● Exercise requirements: Extract every line from the records below that contains the word "define".

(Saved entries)
..........
(* In the model of the context with $p=1$ (and any $q\in[0,1]$) and $L\ge2$, let $\mathtt{P}^\ast\in(0,1)$ be a desired $L$-localizability probability. If $\mathtt{P_L}\ge\mathtt{P}^\ast$, then the processing gain satisfies $$\gamma\ge\beta\left(\left(1-(\mathtt{P}^\ast)^{\frac{1}{L-1}}\right)^{-\alpha/2}+L-2\right).$$
   Context: Model: Let $\Phi$ be a homogeneous Poisson point process on $\mathbb{R}^2$ of intensity $\lambda>0$ (base stations); the user is at the origin. Label the points in increasing distance as $x_1,x_2,\dots$. Fix an integer $L$, $\alpha>2$, $P>0$, $\sigma^2\ge0$, $\gamma>0$, $\beta>0$, $p,q\in[0,1]$. Independently of $\Phi$ and each other let $a_1,\dots,a_L$ be Bernoulli($p$) and $b_{L+1},b_{L+2},\dots$ be Bernoulli($q$). For $k\le L$, $$\mathsf{SINR}_k(L)=\frac{P\|x_k\|^{-\alpha}}{\sum_{i=1,i\ne k}^{L}a_iP\|x_i\|^{-\alpha}+\sum_{j=L+1}^\infty b_jP\|x_j\|^{-\alpha}+\sigma^2},$$ and $\mathtt{P_L}=\mathbb{E}\left[\prod_{k=1}^L\mathbb{1}(\mathsf{SINR}_k(L)\ge\beta/\gamma)\right]$. *)

theory Defs
  imports "HOL-Probability.Probability"
begin

definition pcount :: "(real^2) set \<Rightarrow> (real^2) set \<Rightarrow> nat" where
  "pcount S B = card (S \<inter> B)"

definition PPP :: "'w measure \<Rightarrow> ('w \<Rightarrow> (real^2) set) \<Rightarrow> real \<Rightarrow> bool" where
  "PPP M Phi lam \<longleftrightarrow>
     (\<forall>B. B \<in> sets borel \<and> bounded B \<longrightarrow>
        (\<forall>\<omega>\<in>space M. finite (Phi \<omega> \<inter> B)) \<and>
        (\<forall>n::nat. {\<omega>\<in>space M. pcount (Phi \<omega>) B = n} \<in> sets M \<and>
           measure M {\<omega>\<in>space M. pcount (Phi \<omega>) B = n}
             = (lam * measure lborel B) ^ n / fact n * exp (- lam * measure lborel B))) \<and>
     (\<forall>(I::nat set) Bs. finite I \<longrightarrow> disjoint_family_on Bs I \<longrightarrow>
        (\<forall>i\<in>I. Bs i \<in> sets borel \<and> bounded (Bs i)) \<longrightarrow>
        prob_space.indep_vars M (\<lambda>_. count_space UNIV) (\<lambda>i \<omega>. pcount (Phi \<omega>) (Bs i)) I)"

definition phi_sigma :: "'w measure \<Rightarrow> ('w \<Rightarrow> (real^2) set) \<Rightarrow> 'w set set" where
  "phi_sigma M Phi = sigma_sets (space M)
     {{\<omega>\<in>space M. pcount (Phi \<omega>) B = n} | B n. B \<in> sets borel \<and> bounded B}"

definition ordered_labelling :: "(real^2) set \<Rightarrow> (nat \<Rightarrow> real^2) \<Rightarrow> bool" where
  "ordered_labelling S xs \<longleftrightarrow> inj_on xs {1..} \<and> S = xs ` {1..} \<and>
     (\<forall>i j. 1 \<le> i \<longrightarrow> i \<le> j \<longrightarrow> norm (xs i) \<le> norm (xs j))"

definition sinr :: "real \<Rightarrow> real \<Rightarrow> real \<Rightarrow> nat \<Rightarrow> (nat \<Rightarrow> real^2) \<Rightarrow> (nat \<Rightarrow> bool)
    \<Rightarrow> (nat \<Rightarrow> bool) \<Rightarrow> nat \<Rightarrow> real" where
  "sinr P \<alpha> \<sigma>2 L xs as bs k =
     P * norm (xs k) powr (-\<alpha>) /
     ((\<Sum>i\<in>{1..L} - {k}. of_bool (as i) * P * norm (xs i) powr (-\<alpha>))
      + (\<Sum>j. of_bool (bs (j + L + 1)) * P * norm (xs (j + L + 1)) powr (-\<alpha>))
      + \<sigma>2)"
definition deg_potential :: "nat \<Rightarrow> 'a::field poly mat \<Rightarrow> nat" where
  "deg_potential n M = (\<Sum>a<n. if nontrivial_row n M a then nat (row_deg n M a) + 1 else 0)"

lemma deg_potential_less:
  fixes M M' :: "'a::field poly mat"
  assumes M: "in_M n M" and M': "in_M n M'" and a: "a < n" and nontrivial: "nontrivial_row n M a"
    and same: "\<And>i j. i < n \<Longrightarrow> i \<noteq> a \<Longrightarrow> j < n \<Longrightarrow> M' $$ (i,j) = M $$ (i,j)"
    and lower: "\<And>j. j < n \<Longrightarrow> M' $$ (a,j) \<noteq> 0 \<Longrightarrow> deg_entry n a j (M' $$ (a,j)) < row_deg n M a"
  shows "deg_potential n M' < deg_potential n M"
  unfolding deg_potential_def
proof (rule sum_strict_mono_ex1)
  let ?w = "\<lambda>M i. if nontrivial_row n M i then nat (row_deg n M i) + 1 else 0"
  have other_rows: "?w M' i = ?w M i" if i: "i < n" "i \<noteq> a" for i
  proof -
    have "row_deg n M' i = row_deg n M i"
      unfolding row_deg_def by (rule arg_cong[where f = Max], rule image_cong) (auto simp: same i)
    moreover have "nontrivial_row n M' i = nontrivial_row n M i"
      by (auto simp: nontrivial_row_iff same i)
    ultimately show ?thesis by simp
  qed
  have row_a: "?w M' a < ?w M a"
  proof (cases "nontrivial_row n M' a")
    case True
    then obtain j where j: "j < n" "M' $$ (a,j) \<noteq> 0" by (auto simp: nontrivial_row_iff)
    obtain j' where j': "j' < n" "M' $$ (a,j') \<noteq> 0" "deg_entry n a j' (M' $$ (a,j')) = row_deg n M' a"
      using row_deg_attained[OF j] .
    have "row_deg n M' a < row_deg n M a"
      using lower[OF j'(1,2)] j'(3) by simp
    moreover have "0 \<le> row_deg n M' a"
      using row_deg_nonneg[OF M' a j] .
    ultimately show ?thesis using True nontrivial by simp
  qed (use nontrivial in simp)
  show "\<forall>i\<in>{..<n}. ?w M' i \<le> ?w M i"
  proof
    fix i assume "i \<in> {..<n}"
    show "?w M' i \<le> ?w M i"
    proof (cases "i = a")
      case True
      show ?thesis unfolding True by (rule less_imp_le[OF row_a])
    qed (use other_rows \<open>i \<in> {..<n}\<close> in simp)
  qed
  show "\<exists>i\<in>{..<n}. ?w M' i < ?w M i"
    using row_a a by blast
qed simp

lemma not_semi_reducedE:
  assumes "\<not> semi_reduced n M"
  obtains a a' b where "a < n" "a' < n" "a \<noteq> a'" "b \<in> row_max_cols n M a" "b \<in> row_max_cols n M a'"
    "row_deg n M a' \<le> row_deg n M a"
proof -
  obtain a a' b where a: "a < n" "a' < n" "a \<noteq> a'"
    and b: "b \<in> row_max_cols n M a" "b \<in> row_max_cols n M a'"
    using assms unfolding semi_reduced_def by blast
  show thesis
  proof (cases "row_deg n M a' \<le> row_deg n M a")
    case True
    then show thesis by (rule that[OF a b])
  next
    case False
    then show thesis using that[OF a(2,1) a(3)[symmetric] b(2,1)] by simp
  qed
qed

lemma elementary_unit_lowering_deg_potential:
  fixes M :: "'a::field poly mat"
  assumes n: "0 < n" and M: "in_M n M" and "\<not> semi_reduced n M"
  obtains U where "elementary_unit n U" "deg_potential n (U * M) < deg_potential n M"
proof -
  obtain a a' b where a: "a < n" "a' < n" "a \<noteq> a'"
    and b: "b \<in> row_max_cols n M a" "b \<in> row_max_cols n M a'"
    and le: "row_deg n M a' \<le> row_deg n M a"
    using not_semi_reducedE[OF assms(3)] .
  have Mc: "M \<in> carrier_mat n n" using M by (simp add: in_M_def)
  define d where "d = degree (M $$ (a,b))"
  define d' where "d' = degree (M $$ (a',b))"
  define N where "N = d - d'"
  define \<alpha> where "\<alpha> = - lead_coeff (M $$ (a,b)) / lead_coeff (M $$ (a',b))"
  define U where "U = add_row_mat n a a' (monom \<alpha> N)"
  have Mb: "b < n" "M $$ (a,b) \<noteq> 0" "M $$ (a',b) \<noteq> 0"
    and row_deg: "row_deg n M a = int n * int d - int a + int b" "row_deg n M a' = int n * int d' - int a' + int b"
    using b unfolding row_max_cols_iff by (auto simp: deg_entry_def d_def d'_def)
  have "int n * int d' < int n * int (d + 1)"
    using row_deg le a by (simp add: algebra_simps)
  then have "d' \<le> d" by (simp add: mult_less_cancel_left)
  have "a < a' \<or> 0 < N"
  proof (cases "a < a'")
    case False
    then have "int n * int d' < int n * int d"
      using row_deg le a(3) by linarith
    then show ?thesis by (simp add: N_def mult_less_cancel_left)
  qed simp
  then have elementary: "elementary_unit n U"
    unfolding U_def using a by (intro elementary_unit_add_row_mat)
  have shift: "int n * int N + row_deg n M a' + int a' = row_deg n M a + int a"
    using row_deg \<open>d' \<le> d\<close> by (simp add: N_def of_nat_diff algebra_simps)
  have cancel: "\<alpha> * lead_coeff (M $$ (a',b)) = - lead_coeff (M $$ (a,b))"
    using Mb by (simp add: \<alpha>_def)
  have UM: "(U * M) $$ (i,j) = M $$ (i,j) + (if i = a then monom \<alpha> N * M $$ (a',j) else 0)"
    if "i < n" "j < n" for i j
    unfolding U_def using index_add_row_mat_mult[OF Mc a(2) that] .
  have "deg_potential n (U * M) < deg_potential n M"
  proof (rule deg_potential_less[OF M _ a(1)])
    show "in_M n (U * M)"
      using in_M_mult[OF in_M_elementary_unit[OF elementary] M] .
    show "nontrivial_row n M a"
      using Mb by (auto simp: nontrivial_row_iff)
    show "(U * M) $$ (i,j) = M $$ (i,j)" if "i < n" "i \<noteq> a" "j < n" for i j
      using UM that by simp
    show "deg_entry n a j ((U * M) $$ (a,j)) < row_deg n M a" if "j < n" "(U * M) $$ (a,j) \<noteq> 0" for j
      using UM[OF a(1) that(1)] row_add_lowers_row_deg[OF n b shift cancel that(1)] that(2) by simp
  qed
  then show thesis using that elementary by blast
qed

lemma semi_reduction_exists:
  fixes M :: "'a::field poly mat"
  assumes "0 < n" "in_M n M"
  shows "\<exists>Us. (\<forall>U\<in>set Us. elementary_unit n U) \<and> semi_reduced n (mat_prod_list n Us * M)"
  using assms(2)
proof (induction "deg_potential n M" arbitrary: M rule: less_induct)
  case less
  have Mc: "M \<in> carrier_mat n n" using less.prems by (simp add: in_M_def)
  show ?case
  proof (cases "semi_reduced n M")
    case True
    then show ?thesis using Mc by (intro exI[of _ "[]"]) simp
  next
    case False
    obtain U where U: "elementary_unit n U" "deg_potential n (U * M) < deg_potential n M"
      using elementary_unit_lowering_deg_potential[OF assms(1) less.prems False] .
    have "in_M n (U * M)"
      using in_M_mult[OF in_M_elementary_unit[OF U(1)] less.prems] .
    then obtain Us where Us: "\<forall>U\<in>set Us. elementary_unit n U" "semi_reduced n (mat_prod_list n Us * (U * M))"
      using less.hyps[OF U(2)] by blast
    have "mat_prod_list n (Us @ [U]) = mat_prod_list n Us * U"
      using mat_prod_list_append[of Us n "[U]"] Us(1) carrier_elementary_unit[OF U(1)]
      by (simp add: carrier_elementary_unit)
    then have "mat_prod_list n (Us @ [U]) * M = mat_prod_list n Us * (U * M)"
      using Us(1) carrier_elementary_unit[OF U(1)] Mc
      by (simp add: assoc_mult_mat[of _ n n U n M n] carrier_elementary_unit carrier_mat_prod_list)
    then show ?thesis using Us U(1) by (intro exI[of _ "Us @ [U]"]) auto
  qed
qed

lemma unit_row_col_nonzero:
  fixes P Q :: "'a::field poly mat"
  assumes "P \<in> carrier_mat n n" "Q \<in> carrier_mat n n" "P * Q = 1\<^sub>m n" "a < n"
  obtains k where "k < n" "P $$ (a,k) \<noteq> 0" "Q $$ (k,a) \<noteq> 0"
proof (rule ccontr)
  assume "\<not> thesis"
  then have "(\<Sum>k<n. P $$ (a,k) * Q $$ (k,a)) = 0"
    using that by (intro sum.neutral) auto
  moreover have "(P * Q) $$ (a,a) = 1" using assms by simp
  ultimately show False using index_mult_mat_sum[OF assms(1,2,4,4)] by simp
qed

lemma semi_reduced_predictable_degree:
  fixes P Q :: "'a::field poly mat"
  assumes n: "0 < n" and P: "P \<in> carrier_mat n n" and Q: "Q \<in> carrier_mat n n"
    and sr: "semi_reduced n P" and i: "i < n" and a0: "a0 < n" "Q $$ (i,a0) \<noteq> 0"
    and b: "b \<in> row_max_cols n P a0"
    and max: "\<And>a. a < n \<Longrightarrow> Q $$ (i,a) \<noteq> 0 \<Longrightarrow>
      deg_entry n i a (Q $$ (i,a)) + row_deg n P a \<le> deg_entry n i a0 (Q $$ (i,a0)) + row_deg n P a0"
  shows "(Q * P) $$ (i,b) \<noteq> 0"
    "deg_entry n i b ((Q * P) $$ (i,b)) = deg_entry n i a0 (Q $$ (i,a0)) + row_deg n P a0"
proof -
  define t where "t k = Q $$ (i,k) * P $$ (k,b)" for k
  have Pb: "b < n" "P $$ (a0,b) \<noteq> 0" "deg_entry n a0 b (P $$ (a0,b)) = row_deg n P a0"
    using b row_max_cols_iff by auto
  have t0: "t a0 \<noteq> 0" using a0 Pb by (simp add: t_def)
  have deg_t0: "deg_entry n i b (t a0) = deg_entry n i a0 (Q $$ (i,a0)) + row_deg n P a0"
    using deg_entry_mult[OF a0(2) Pb(2), of n i b a0] Pb(3) by (simp add: t_def)
  have smaller: "degree (t k) < degree (t a0)" if k: "k \<in> {..<n}" "k \<noteq> a0" "t k \<noteq> 0" for k
  proof -
    have q: "Q $$ (i,k) \<noteq> 0" and p: "P $$ (k,b) \<noteq> 0" using k by (auto simp: t_def)
    have "deg_entry n k b (P $$ (k,b)) < row_deg n P k"
      using semi_reduced_deg_entry_less[OF sr a0(1) _ k(2)[symmetric] b p] k(1) by simp
    then have "deg_entry n i b (t k) < deg_entry n i b (t a0)"
      using deg_entry_mult[OF q p, of n i b k] max[OF _ q] k(1) deg_t0 by (simp add: t_def)
    then show ?thesis using deg_entry_less_iff[OF n] by blast
  qed
  have QP: "(Q * P) $$ (i,b) = (\<Sum>k<n. t k)"
    unfolding t_def by (rule index_mult_mat_sum[OF Q P i Pb(1)])
  show "(Q * P) $$ (i,b) \<noteq> 0"
    using degree_sum_dominant(1)[of "{..<n}" a0 t] a0(1) t0 smaller QP by simp
  have "degree ((Q * P) $$ (i,b)) = degree (t a0)"
    using degree_sum_dominant(2)[of "{..<n}" a0 t] a0(1) t0 smaller QP by simp
  then show "deg_entry n i b ((Q * P) $$ (i,b)) = deg_entry n i a0 (Q $$ (i,a0)) + row_deg n P a0"
    using deg_t0 deg_entry_eq_iff[OF n] by metis
qed

lemma unit_semi_reduced_row_deg_zero:
  fixes P Q :: "'a::field poly mat"
  assumes n: "0 < n" and P: "in_M n P" and Q: "in_M n Q" and PQ: "P * Q = 1\<^sub>m n" and QP: "Q * P = 1\<^sub>m n"
    and sr: "semi_reduced n P" and a: "a < n"
  shows "row_deg n P a = 0"
proof -
  have Pc: "P \<in> carrier_mat n n" and Qc: "Q \<in> carrier_mat n n"
    using P Q by (auto simp: in_M_def)
  obtain i where i: "i < n" "P $$ (a,i) \<noteq> 0" "Q $$ (i,a) \<noteq> 0"
    using unit_row_col_nonzero[OF Pc Qc PQ a] .
  define f where "f a' = deg_entry n i a' (Q $$ (i,a')) + row_deg n P a'" for a'
  define S where "S = {a'. a' < n \<and> Q $$ (i,a') \<noteq> 0}"
  have fin: "finite (f ` S)" by (simp add: S_def)
  have "f ` S \<noteq> {}" using i a by (auto simp: S_def)
  then have "Max (f ` S) \<in> f ` S" using Max_in[OF fin] by blast
  then obtain a0 where a0: "a0 \<in> S" "f a0 = Max (f ` S)" by (metis imageE)
  have max: "f a' \<le> f a0" if "a' < n" "Q $$ (i,a') \<noteq> 0" for a'
    using a0(2) Max_ge[OF fin] that by (simp add: S_def)
  have a0': "a0 < n" "Q $$ (i,a0) \<noteq> 0" using a0(1) by (simp_all add: S_def)
  obtain k where "k < n" "P $$ (a0,k) \<noteq> 0"
    using unit_row_col_nonzero[OF Pc Qc PQ a0'(1)] by blast
  then obtain b where b: "b \<in> row_max_cols n P a0"
    using row_deg_attained row_max_cols_iff by metis
  have b_n: "b < n" using b row_max_cols_iff by blast
  note predictable = semi_reduced_predictable_degree[OF n Pc Qc sr i(1) a0' b max[unfolded f_def]]
  have QP_entry: "(Q * P) $$ (i,b) = (if i = b then 1 else 0)"
    using QP i(1) b_n by simp
  then have "i = b" using predictable(1) by presburger
  then have "f a0 = deg_entry n b b (1 :: 'a poly)"
    using predictable(2) QP_entry by (simp add: f_def)
  then have "f a0 = 0" by (simp add: deg_entry_def)
  then have "f a \<le> 0" using max[OF a i(3)] by simp
  moreover have "0 \<le> deg_entry n i a (Q $$ (i,a))" using deg_entry_nonneg[OF Q i(1) a i(3)] .
  moreover have "0 \<le> row_deg n P a" using row_deg_nonneg[OF P a i(1,2)] .
  ultimately show ?thesis unfolding f_def by linarith
qed

lemma row_deg_zero_entry:
  fixes P :: "'a::field poly mat"
  assumes P: "in_M n P" and a: "a < n" "row_deg n P a = 0" and j: "j < n" "P $$ (a,j) \<noteq> 0"
  shows "j = a" "degree (P $$ (a,j)) = 0"
proof -
  have "deg_entry n a j (P $$ (a,j)) = 0"
    using deg_entry_nonneg[OF P a(1) j] deg_entry_le_row_deg[OF j] a(2) by simp
  then have "int (n * degree (P $$ (a,j)) + j) = int a"
    unfolding deg_entry_def by simp
  then have sum: "n * degree (P $$ (a,j)) + j = a"
    by (simp only: of_nat_eq_iff)
  show "degree (P $$ (a,j)) = 0"
  proof (rule ccontr)
    assume "degree (P $$ (a,j)) \<noteq> 0"
    then have "n \<le> n * degree (P $$ (a,j))" by simp
    then show False using sum a(1) by linarith
  qed
  then show "j = a" using sum by simp
qed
..........
● Exercise answer:
  define d where "d = degree (M $$ (a,b))"
  define d' where "d' = degree (M $$ (a',b))"
  define N where "N = d - d'"
  define \<alpha> where "\<alpha> = - lead_coeff (M $$ (a,b)) / lead_coeff (M $$ (a',b))"
  define U where "U = add_row_mat n a a' (monom \<alpha> N)"
  define t where "t k = Q $$ (i,k) * P $$ (k,b)" for k
  define f where "f a' = deg_entry n i a' (Q $$ (i,a')) + row_deg n P a'" for a'
  define S where "S = {a'. a' < n \<and> Q $$ (i,a') \<noteq> 0}"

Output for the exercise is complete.